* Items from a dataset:
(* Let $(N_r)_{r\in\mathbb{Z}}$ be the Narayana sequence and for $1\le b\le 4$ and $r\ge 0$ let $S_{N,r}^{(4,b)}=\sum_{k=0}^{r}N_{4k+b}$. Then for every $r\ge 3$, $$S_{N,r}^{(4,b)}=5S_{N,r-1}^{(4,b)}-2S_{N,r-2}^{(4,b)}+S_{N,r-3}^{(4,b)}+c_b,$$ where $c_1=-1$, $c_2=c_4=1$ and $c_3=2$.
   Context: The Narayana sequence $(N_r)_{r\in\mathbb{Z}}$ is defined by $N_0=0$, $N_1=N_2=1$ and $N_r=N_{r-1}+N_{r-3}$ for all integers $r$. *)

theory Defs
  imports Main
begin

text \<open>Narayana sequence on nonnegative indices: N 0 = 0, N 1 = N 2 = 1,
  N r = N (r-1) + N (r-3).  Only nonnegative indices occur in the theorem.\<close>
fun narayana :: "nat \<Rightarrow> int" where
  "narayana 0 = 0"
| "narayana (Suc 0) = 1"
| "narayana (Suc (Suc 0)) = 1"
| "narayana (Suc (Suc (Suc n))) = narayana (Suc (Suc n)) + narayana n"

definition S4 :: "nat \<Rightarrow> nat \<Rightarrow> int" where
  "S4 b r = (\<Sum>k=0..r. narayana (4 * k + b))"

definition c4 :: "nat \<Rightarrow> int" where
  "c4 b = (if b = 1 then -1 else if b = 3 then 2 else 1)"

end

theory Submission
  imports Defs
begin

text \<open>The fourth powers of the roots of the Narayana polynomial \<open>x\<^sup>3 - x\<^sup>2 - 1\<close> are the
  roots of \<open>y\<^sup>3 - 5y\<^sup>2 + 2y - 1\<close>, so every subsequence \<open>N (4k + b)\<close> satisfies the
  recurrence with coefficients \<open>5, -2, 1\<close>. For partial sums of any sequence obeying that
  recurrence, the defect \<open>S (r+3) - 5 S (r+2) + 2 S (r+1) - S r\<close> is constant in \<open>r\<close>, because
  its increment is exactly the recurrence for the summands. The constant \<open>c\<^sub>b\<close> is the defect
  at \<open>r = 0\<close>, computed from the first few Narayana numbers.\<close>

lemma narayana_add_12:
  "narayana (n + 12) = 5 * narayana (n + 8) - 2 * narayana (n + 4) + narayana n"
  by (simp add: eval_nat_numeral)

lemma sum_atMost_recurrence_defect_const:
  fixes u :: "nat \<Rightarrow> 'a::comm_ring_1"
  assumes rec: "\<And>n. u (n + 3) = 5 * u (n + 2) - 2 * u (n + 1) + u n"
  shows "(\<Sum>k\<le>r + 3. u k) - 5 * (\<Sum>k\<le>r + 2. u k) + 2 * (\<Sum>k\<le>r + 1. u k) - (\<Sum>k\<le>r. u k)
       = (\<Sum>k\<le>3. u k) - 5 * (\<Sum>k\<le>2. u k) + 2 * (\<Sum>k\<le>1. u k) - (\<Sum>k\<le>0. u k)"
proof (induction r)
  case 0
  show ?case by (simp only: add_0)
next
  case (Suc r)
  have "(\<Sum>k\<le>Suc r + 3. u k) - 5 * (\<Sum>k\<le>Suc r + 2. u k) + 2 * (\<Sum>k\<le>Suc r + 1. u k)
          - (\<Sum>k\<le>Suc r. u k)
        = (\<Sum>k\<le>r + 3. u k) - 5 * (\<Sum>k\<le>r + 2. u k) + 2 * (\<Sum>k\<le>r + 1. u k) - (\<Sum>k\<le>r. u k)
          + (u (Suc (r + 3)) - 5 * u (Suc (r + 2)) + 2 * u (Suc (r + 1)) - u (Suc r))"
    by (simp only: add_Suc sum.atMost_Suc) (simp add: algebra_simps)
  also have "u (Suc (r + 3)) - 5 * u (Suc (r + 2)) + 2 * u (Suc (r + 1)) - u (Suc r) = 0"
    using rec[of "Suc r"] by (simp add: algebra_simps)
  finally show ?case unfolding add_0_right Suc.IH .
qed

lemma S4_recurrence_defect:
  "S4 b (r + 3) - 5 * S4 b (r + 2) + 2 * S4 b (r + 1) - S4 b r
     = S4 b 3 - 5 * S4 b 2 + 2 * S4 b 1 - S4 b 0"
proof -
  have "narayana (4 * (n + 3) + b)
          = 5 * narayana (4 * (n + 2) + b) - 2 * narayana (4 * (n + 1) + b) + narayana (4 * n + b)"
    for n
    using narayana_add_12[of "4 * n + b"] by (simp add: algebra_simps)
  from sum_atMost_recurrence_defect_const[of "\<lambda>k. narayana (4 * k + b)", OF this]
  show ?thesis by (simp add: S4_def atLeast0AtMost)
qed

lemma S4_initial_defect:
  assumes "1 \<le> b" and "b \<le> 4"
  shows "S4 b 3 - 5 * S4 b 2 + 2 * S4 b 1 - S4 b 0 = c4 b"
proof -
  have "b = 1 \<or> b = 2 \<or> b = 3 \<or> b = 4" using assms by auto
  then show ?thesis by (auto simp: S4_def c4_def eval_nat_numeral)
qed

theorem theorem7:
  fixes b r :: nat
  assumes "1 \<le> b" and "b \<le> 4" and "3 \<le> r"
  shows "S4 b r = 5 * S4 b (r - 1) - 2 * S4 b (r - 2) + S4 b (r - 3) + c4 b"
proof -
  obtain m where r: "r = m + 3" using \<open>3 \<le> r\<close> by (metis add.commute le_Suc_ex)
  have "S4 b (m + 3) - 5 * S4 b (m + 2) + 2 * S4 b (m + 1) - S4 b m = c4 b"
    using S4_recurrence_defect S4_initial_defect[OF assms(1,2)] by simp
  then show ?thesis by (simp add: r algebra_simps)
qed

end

* PROBLEM DESCRIPTION: Find every line in the records above that contains the word "indices", and copy each one.

* EXERCISE OUTPUT:
text \<open>Narayana sequence on nonnegative indices: N 0 = 0, N 1 = N 2 = 1,
  N r = N (r-1) + N (r-3).  Only nonnegative indices occur in the theorem.\<close>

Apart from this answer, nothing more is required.